Collected data entries:
****
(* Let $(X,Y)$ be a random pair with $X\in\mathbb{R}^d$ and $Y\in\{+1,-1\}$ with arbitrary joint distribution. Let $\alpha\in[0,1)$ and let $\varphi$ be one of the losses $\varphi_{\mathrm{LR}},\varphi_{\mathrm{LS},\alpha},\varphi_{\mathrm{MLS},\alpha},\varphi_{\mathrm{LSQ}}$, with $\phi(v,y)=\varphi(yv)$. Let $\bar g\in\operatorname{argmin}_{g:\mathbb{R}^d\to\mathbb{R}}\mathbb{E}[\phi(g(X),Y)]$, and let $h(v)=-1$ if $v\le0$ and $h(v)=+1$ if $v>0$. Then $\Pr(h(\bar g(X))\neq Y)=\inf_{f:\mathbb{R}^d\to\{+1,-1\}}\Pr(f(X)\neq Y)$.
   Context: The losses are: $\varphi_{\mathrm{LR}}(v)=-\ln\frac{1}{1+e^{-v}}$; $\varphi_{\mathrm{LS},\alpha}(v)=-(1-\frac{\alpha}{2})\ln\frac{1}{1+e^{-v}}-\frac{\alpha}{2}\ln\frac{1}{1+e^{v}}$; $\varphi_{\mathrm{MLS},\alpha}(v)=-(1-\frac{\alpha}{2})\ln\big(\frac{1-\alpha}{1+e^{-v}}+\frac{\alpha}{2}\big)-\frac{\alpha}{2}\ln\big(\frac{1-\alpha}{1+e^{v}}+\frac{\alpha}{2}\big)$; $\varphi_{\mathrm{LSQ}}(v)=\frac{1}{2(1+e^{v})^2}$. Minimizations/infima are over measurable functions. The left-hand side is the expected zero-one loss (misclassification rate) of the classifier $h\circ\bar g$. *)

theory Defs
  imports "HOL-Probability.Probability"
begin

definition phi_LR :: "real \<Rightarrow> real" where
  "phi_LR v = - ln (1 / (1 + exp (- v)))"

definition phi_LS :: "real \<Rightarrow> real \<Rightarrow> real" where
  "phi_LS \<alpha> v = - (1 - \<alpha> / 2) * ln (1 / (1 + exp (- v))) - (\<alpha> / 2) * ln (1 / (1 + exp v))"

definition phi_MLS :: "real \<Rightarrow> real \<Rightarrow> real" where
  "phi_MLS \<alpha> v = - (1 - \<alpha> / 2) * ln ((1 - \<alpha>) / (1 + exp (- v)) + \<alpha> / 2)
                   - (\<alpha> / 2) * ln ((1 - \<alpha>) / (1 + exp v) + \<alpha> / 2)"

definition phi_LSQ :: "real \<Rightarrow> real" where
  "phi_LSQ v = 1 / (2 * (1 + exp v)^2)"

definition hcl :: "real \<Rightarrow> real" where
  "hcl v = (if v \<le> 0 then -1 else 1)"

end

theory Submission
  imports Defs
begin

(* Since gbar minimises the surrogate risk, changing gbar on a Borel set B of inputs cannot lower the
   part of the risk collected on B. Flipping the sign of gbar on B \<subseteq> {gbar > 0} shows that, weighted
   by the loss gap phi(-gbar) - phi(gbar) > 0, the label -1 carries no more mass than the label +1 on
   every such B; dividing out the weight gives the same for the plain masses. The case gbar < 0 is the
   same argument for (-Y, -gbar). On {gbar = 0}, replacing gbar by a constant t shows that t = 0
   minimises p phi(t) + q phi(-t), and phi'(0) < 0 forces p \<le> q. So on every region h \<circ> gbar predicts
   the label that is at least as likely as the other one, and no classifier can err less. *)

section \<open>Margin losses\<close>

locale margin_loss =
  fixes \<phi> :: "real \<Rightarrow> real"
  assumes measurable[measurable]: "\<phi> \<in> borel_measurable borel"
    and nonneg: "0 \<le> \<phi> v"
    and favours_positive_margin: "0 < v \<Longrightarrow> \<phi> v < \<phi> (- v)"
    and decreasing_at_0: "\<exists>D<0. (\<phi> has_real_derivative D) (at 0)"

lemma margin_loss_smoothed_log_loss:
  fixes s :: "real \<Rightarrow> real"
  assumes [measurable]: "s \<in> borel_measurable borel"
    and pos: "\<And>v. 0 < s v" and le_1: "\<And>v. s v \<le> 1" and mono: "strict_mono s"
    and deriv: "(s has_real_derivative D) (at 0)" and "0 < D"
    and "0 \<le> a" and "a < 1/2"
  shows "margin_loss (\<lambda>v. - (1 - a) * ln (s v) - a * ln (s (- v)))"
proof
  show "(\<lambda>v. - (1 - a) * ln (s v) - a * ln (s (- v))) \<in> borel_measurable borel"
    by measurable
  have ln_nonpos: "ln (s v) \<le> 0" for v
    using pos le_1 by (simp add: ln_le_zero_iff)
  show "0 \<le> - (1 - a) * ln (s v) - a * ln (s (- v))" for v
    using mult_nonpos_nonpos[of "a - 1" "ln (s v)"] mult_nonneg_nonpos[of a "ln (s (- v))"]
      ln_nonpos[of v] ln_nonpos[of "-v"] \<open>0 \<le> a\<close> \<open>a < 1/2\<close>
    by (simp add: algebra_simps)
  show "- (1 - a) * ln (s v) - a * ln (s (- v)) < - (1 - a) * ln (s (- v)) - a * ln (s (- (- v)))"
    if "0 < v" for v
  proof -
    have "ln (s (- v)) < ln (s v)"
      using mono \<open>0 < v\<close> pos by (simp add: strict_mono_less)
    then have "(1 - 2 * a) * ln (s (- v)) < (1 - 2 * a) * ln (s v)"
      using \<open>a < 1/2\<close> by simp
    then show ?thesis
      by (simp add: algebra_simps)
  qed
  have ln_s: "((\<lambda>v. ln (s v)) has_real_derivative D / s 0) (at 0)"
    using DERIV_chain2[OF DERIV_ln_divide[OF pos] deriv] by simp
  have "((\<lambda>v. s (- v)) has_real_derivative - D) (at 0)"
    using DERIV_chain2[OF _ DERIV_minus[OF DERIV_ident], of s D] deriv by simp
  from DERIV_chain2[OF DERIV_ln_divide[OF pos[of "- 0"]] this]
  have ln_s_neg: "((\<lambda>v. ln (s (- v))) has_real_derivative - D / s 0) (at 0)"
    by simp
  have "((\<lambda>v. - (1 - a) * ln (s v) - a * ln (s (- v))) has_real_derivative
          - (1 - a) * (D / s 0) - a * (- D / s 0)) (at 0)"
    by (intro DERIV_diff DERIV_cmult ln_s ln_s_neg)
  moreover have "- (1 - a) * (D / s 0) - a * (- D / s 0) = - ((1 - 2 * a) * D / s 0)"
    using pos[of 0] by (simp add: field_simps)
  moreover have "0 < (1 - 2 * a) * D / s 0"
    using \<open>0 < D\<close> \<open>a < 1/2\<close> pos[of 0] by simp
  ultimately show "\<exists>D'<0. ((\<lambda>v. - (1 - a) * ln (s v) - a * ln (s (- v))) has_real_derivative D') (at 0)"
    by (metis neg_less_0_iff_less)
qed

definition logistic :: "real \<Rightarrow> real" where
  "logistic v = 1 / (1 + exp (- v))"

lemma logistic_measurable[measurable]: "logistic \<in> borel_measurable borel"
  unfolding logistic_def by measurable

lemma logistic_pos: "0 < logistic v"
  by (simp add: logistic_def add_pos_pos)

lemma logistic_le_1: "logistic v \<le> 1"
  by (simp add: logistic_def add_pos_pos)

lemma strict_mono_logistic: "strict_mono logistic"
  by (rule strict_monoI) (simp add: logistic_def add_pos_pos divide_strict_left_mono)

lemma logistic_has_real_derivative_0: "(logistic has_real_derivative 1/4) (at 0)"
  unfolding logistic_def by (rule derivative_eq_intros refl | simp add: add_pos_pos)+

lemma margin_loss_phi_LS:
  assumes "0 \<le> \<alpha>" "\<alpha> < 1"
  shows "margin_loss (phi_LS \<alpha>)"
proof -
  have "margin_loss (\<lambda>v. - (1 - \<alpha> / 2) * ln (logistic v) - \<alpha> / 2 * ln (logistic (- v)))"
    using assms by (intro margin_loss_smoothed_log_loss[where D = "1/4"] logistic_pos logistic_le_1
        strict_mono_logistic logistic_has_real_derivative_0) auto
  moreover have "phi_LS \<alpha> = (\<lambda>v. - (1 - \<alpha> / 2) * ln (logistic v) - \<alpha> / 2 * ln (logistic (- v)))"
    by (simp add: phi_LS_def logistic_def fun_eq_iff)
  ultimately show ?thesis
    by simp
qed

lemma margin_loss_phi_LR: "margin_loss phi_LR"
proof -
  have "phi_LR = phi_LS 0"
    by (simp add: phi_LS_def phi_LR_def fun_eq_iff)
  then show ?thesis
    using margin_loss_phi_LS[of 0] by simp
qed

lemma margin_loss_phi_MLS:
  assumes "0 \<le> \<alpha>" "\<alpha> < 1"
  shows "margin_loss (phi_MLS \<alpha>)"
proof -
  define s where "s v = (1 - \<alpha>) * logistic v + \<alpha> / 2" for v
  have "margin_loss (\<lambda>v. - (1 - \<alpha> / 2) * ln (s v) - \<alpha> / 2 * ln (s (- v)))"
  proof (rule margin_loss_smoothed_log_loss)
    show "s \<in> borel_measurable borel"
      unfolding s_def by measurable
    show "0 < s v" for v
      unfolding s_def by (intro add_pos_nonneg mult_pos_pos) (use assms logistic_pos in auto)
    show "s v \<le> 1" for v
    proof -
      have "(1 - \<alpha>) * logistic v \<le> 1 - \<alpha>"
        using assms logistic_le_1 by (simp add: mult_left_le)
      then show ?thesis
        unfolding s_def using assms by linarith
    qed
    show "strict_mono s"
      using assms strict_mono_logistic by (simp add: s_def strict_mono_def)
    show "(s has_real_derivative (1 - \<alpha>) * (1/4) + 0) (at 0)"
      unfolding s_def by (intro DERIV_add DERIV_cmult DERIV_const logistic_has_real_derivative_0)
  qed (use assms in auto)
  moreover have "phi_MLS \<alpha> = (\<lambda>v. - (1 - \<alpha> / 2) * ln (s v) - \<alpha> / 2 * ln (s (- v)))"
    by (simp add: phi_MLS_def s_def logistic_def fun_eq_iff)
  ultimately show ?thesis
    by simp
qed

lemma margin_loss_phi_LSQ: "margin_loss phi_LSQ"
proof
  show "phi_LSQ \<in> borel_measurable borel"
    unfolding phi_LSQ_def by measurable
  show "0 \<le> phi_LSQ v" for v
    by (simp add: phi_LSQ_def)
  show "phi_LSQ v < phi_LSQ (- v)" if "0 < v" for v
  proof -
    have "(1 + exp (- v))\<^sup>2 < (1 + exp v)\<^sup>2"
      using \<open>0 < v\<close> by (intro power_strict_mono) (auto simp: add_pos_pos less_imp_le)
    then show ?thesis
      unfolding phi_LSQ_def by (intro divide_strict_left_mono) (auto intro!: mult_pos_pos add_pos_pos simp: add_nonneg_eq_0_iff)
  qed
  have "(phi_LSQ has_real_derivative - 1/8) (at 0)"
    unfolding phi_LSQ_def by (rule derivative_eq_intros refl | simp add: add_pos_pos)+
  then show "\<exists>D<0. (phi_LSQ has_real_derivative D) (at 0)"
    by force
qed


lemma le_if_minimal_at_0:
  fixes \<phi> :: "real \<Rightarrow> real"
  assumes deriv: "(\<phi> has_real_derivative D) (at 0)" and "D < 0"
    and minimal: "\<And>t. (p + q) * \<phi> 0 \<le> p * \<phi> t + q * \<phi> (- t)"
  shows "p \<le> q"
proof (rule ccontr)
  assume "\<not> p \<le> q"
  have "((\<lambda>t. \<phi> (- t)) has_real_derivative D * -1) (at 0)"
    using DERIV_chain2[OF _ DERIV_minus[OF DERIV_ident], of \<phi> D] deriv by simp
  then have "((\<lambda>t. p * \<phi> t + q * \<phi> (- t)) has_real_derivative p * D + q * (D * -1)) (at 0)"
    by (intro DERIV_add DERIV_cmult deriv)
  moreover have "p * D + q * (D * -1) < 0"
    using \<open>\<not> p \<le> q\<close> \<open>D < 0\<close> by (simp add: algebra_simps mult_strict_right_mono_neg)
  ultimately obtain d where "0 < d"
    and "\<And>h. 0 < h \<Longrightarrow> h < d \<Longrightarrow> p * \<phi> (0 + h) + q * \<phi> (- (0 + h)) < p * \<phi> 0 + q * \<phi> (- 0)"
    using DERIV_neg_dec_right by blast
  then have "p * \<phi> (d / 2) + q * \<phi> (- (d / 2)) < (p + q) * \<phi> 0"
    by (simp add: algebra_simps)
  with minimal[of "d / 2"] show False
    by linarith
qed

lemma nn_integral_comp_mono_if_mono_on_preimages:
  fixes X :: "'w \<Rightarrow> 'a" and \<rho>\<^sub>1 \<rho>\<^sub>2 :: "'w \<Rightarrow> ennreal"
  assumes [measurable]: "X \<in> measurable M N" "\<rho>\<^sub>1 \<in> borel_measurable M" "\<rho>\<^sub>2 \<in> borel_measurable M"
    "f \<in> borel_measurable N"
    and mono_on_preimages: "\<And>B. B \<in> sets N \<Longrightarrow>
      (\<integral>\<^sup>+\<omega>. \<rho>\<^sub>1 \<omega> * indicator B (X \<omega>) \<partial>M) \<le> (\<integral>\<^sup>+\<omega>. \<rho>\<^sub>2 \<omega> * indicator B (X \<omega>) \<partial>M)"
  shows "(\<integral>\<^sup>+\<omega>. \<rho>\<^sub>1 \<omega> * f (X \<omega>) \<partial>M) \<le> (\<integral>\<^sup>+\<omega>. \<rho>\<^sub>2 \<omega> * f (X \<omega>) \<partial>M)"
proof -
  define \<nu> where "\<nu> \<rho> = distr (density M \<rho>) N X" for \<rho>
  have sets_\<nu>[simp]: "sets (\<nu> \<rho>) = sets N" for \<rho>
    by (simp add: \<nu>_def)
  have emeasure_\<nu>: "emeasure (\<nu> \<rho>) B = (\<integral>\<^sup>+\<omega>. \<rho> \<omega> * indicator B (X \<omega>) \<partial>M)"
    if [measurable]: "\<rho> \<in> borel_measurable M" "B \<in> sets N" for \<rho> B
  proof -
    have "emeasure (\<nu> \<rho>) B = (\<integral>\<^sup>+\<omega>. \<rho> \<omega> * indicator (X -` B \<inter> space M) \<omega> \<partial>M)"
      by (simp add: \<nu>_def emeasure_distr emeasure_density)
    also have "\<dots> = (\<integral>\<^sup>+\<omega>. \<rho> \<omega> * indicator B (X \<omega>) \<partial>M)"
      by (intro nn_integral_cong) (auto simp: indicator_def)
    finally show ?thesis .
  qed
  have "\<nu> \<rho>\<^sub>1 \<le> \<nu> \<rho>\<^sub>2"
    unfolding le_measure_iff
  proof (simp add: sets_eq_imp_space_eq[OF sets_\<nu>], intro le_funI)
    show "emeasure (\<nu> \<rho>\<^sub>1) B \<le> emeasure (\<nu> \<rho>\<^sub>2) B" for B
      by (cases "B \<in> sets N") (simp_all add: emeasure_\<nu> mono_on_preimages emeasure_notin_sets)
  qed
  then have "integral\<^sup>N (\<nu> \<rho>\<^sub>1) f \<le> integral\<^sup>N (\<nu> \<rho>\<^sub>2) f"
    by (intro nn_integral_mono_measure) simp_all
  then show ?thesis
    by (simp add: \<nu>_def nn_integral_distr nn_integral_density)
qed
****
Reproduce every line above containing "unfolding".

  unfolding logistic_def by measurable
  unfolding logistic_def by (rule derivative_eq_intros refl | simp add: add_pos_pos)+
      unfolding s_def by measurable
      unfolding s_def by (intro add_pos_nonneg mult_pos_pos) (use assms logistic_pos in auto)
        unfolding s_def using assms by linarith
      unfolding s_def by (intro DERIV_add DERIV_cmult DERIV_const logistic_has_real_derivative_0)
    unfolding phi_LSQ_def by measurable
      unfolding phi_LSQ_def by (intro divide_strict_left_mono) (auto intro!: mult_pos_pos add_pos_pos simp: add_nonneg_eq_0_iff)
    unfolding phi_LSQ_def by (rule derivative_eq_intros refl | simp add: add_pos_pos)+
    unfolding le_measure_iff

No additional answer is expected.